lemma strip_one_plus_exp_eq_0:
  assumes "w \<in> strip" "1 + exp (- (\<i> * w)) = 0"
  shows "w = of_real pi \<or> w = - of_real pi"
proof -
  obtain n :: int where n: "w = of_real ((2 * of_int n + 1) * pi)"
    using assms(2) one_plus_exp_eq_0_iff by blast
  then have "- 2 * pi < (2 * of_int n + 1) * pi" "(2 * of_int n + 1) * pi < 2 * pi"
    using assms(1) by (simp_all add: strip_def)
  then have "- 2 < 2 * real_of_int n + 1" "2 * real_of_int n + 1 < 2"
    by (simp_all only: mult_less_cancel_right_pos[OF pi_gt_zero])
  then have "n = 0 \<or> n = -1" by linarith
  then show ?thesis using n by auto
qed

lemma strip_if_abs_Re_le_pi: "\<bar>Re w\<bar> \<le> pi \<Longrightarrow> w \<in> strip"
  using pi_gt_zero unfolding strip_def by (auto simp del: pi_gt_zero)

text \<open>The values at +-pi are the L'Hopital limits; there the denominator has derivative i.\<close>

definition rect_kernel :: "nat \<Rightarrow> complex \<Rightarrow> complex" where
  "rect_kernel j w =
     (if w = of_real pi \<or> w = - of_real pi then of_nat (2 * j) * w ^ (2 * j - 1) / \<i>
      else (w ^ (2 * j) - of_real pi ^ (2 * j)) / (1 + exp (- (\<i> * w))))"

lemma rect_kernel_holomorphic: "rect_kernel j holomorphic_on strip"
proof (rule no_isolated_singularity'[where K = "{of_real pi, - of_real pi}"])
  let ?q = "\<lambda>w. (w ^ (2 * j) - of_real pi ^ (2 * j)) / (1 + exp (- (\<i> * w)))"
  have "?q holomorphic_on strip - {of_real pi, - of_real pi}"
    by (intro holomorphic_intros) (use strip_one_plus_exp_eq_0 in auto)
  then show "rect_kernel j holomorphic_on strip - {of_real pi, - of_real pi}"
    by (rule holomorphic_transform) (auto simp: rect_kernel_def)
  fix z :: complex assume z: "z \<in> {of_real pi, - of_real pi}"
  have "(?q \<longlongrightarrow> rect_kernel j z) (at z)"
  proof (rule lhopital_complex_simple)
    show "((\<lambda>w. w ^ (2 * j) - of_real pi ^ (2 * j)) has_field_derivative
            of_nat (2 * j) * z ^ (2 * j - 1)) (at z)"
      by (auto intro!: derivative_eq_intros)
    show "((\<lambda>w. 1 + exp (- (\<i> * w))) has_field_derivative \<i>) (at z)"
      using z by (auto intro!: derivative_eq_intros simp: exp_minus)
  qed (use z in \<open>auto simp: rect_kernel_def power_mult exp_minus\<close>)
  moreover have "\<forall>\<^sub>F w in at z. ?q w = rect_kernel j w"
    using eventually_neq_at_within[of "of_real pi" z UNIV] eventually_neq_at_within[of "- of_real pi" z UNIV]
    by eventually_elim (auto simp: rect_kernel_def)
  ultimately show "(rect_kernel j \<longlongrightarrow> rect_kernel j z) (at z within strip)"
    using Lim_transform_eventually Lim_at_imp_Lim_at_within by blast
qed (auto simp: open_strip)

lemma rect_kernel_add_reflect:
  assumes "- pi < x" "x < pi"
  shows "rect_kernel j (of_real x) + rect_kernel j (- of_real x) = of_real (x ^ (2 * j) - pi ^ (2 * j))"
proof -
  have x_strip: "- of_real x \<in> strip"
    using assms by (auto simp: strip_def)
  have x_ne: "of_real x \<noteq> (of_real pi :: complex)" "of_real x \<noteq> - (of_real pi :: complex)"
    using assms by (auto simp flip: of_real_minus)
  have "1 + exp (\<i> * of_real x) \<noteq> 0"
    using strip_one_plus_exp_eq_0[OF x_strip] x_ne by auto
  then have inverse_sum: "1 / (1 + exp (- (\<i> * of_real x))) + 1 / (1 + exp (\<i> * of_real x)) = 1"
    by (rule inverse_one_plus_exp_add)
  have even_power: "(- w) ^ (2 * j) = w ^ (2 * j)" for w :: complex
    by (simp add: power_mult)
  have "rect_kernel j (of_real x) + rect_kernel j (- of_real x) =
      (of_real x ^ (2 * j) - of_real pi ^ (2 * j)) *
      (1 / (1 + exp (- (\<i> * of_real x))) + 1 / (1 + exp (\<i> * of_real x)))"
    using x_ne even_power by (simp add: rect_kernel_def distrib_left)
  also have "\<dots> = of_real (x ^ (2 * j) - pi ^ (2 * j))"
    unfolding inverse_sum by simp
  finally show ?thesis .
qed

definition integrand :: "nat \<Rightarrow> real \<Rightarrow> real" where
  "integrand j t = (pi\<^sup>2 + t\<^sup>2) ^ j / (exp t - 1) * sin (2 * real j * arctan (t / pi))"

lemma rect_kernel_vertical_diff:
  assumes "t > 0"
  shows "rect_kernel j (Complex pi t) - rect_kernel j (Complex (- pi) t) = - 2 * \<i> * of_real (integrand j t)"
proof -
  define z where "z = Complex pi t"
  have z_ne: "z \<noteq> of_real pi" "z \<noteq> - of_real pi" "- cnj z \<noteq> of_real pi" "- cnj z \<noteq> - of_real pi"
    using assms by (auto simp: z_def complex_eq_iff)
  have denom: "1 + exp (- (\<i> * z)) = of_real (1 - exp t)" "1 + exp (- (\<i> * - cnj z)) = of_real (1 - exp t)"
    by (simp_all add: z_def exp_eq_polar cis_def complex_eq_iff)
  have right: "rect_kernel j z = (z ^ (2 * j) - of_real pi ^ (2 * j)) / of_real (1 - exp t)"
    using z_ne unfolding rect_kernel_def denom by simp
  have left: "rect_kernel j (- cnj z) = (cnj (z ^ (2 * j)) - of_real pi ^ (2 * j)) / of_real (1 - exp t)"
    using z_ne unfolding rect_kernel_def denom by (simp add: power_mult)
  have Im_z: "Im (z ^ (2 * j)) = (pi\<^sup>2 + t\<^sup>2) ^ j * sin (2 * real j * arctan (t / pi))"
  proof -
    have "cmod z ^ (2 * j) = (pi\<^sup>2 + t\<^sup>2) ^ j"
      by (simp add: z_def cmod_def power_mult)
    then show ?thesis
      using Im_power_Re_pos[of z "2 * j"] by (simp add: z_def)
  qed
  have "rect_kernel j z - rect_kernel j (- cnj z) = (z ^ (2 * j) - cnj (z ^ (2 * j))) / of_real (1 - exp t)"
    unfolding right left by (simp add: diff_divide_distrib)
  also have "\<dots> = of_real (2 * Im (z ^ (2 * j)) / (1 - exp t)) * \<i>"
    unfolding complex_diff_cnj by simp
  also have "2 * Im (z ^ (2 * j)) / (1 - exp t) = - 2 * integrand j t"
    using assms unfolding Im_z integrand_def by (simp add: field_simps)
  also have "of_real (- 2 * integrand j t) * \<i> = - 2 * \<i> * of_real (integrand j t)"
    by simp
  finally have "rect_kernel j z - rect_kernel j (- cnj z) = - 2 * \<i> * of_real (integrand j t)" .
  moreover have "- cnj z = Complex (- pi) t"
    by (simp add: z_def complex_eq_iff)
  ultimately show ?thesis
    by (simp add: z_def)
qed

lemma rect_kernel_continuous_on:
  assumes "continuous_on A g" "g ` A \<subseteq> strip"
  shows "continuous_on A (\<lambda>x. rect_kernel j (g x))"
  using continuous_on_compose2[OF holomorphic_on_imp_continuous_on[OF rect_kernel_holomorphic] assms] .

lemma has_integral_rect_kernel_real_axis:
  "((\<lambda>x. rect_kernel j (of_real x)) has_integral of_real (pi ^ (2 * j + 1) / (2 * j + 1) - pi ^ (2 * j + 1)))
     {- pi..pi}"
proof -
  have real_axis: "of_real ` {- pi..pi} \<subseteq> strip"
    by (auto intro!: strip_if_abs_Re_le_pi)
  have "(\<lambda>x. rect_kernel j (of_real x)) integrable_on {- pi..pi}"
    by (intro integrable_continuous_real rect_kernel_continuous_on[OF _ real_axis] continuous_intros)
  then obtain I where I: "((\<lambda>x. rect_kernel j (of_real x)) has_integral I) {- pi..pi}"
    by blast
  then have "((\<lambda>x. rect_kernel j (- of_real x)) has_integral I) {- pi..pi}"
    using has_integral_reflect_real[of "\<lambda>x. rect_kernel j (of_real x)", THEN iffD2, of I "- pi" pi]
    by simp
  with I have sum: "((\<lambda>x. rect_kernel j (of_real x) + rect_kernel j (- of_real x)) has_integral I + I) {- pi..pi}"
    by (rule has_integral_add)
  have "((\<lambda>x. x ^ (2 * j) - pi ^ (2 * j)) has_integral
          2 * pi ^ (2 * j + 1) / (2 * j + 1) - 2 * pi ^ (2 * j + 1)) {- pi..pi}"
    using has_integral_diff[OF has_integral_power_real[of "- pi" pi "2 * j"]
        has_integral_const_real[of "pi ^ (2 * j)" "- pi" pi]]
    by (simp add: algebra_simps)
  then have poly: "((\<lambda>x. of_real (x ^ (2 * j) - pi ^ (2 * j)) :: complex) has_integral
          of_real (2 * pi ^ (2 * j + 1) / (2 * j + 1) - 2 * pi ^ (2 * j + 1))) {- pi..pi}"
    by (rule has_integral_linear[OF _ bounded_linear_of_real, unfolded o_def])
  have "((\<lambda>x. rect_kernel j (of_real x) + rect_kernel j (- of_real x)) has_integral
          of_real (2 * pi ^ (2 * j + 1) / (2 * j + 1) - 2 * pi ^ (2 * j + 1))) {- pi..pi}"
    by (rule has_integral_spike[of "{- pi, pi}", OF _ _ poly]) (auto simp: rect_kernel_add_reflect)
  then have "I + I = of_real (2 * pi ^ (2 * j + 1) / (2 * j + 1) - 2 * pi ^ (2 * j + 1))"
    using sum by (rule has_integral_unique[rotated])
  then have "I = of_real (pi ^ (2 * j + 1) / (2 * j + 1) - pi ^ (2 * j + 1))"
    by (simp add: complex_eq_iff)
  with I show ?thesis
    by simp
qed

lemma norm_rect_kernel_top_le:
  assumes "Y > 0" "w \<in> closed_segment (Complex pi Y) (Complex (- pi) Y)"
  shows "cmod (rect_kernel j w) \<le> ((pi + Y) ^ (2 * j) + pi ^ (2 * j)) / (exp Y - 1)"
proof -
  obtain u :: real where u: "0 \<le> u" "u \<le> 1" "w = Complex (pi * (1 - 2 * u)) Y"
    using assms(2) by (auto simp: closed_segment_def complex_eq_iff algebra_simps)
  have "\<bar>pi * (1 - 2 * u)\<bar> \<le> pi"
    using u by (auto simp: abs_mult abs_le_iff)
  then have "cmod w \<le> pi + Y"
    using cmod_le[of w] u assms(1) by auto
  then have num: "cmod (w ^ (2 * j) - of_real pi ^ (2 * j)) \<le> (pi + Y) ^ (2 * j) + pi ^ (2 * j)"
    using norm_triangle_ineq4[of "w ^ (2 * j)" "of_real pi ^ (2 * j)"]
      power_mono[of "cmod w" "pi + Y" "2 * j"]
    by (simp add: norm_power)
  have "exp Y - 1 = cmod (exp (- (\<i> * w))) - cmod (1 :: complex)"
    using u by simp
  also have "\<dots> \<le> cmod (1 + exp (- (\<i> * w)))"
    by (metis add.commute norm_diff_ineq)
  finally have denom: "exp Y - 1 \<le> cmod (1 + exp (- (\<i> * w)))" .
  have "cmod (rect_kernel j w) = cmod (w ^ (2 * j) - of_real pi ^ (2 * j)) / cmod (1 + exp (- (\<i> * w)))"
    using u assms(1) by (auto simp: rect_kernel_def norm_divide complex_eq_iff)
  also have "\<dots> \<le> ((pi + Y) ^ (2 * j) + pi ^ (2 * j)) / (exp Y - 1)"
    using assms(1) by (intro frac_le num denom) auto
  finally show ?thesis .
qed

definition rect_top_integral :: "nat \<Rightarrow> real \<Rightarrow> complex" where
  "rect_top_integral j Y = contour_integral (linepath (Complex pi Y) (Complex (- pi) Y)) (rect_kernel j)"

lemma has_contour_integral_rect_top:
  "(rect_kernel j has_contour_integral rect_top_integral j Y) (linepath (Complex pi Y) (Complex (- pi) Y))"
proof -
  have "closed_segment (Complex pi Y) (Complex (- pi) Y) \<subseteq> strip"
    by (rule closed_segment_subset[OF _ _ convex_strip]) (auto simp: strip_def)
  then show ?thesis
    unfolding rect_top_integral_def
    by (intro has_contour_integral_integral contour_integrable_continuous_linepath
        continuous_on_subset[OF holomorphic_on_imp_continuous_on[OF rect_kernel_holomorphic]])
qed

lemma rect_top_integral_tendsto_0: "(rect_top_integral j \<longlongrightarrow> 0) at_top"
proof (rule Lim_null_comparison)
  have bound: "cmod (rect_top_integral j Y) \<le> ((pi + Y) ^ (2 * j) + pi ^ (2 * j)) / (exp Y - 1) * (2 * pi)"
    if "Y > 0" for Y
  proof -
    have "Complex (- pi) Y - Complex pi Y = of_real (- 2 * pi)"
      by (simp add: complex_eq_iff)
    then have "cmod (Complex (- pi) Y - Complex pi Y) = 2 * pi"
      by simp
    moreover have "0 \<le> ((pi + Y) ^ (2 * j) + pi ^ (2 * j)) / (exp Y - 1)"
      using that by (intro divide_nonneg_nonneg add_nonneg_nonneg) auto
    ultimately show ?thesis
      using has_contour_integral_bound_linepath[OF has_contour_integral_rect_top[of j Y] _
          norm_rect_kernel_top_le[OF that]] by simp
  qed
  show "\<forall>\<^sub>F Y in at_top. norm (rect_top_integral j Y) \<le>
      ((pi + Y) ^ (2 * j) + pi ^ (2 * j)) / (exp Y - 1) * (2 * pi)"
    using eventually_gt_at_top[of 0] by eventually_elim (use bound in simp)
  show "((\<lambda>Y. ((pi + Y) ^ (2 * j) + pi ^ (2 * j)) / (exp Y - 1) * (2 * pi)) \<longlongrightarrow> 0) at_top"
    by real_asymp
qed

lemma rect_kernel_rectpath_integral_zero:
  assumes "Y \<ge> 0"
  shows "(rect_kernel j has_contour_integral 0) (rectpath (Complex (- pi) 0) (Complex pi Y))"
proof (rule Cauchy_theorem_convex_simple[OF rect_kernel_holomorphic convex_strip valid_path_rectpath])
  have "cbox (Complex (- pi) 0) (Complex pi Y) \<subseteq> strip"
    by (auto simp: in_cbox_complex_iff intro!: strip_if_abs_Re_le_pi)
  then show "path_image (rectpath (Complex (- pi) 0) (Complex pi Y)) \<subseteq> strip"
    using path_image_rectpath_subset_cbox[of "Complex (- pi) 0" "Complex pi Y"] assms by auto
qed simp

-*-*-

◆ **Problem details**
For this exercise, repeat exactly the lines of the data above from the one with "unfolding rect_top_integral_def" down to the one with "j has_contour_integral 0)", both end lines included.

◆ **Your response**
    unfolding rect_top_integral_def
    by (intro has_contour_integral_integral contour_integrable_continuous_linepath
        continuous_on_subset[OF holomorphic_on_imp_continuous_on[OF rect_kernel_holomorphic]])
qed

lemma rect_top_integral_tendsto_0: "(rect_top_integral j \<longlongrightarrow> 0) at_top"
proof (rule Lim_null_comparison)
  have bound: "cmod (rect_top_integral j Y) \<le> ((pi + Y) ^ (2 * j) + pi ^ (2 * j)) / (exp Y - 1) * (2 * pi)"
    if "Y > 0" for Y
  proof -
    have "Complex (- pi) Y - Complex pi Y = of_real (- 2 * pi)"
      by (simp add: complex_eq_iff)
    then have "cmod (Complex (- pi) Y - Complex pi Y) = 2 * pi"
      by simp
    moreover have "0 \<le> ((pi + Y) ^ (2 * j) + pi ^ (2 * j)) / (exp Y - 1)"
      using that by (intro divide_nonneg_nonneg add_nonneg_nonneg) auto
    ultimately show ?thesis
      using has_contour_integral_bound_linepath[OF has_contour_integral_rect_top[of j Y] _
          norm_rect_kernel_top_le[OF that]] by simp
  qed
  show "\<forall>\<^sub>F Y in at_top. norm (rect_top_integral j Y) \<le>
      ((pi + Y) ^ (2 * j) + pi ^ (2 * j)) / (exp Y - 1) * (2 * pi)"
    using eventually_gt_at_top[of 0] by eventually_elim (use bound in simp)
  show "((\<lambda>Y. ((pi + Y) ^ (2 * j) + pi ^ (2 * j)) / (exp Y - 1) * (2 * pi)) \<longlongrightarrow> 0) at_top"
    by real_asymp
qed

lemma rect_kernel_rectpath_integral_zero:
  assumes "Y \<ge> 0"
  shows "(rect_kernel j has_contour_integral 0) (rectpath (Complex (- pi) 0) (Complex pi Y))"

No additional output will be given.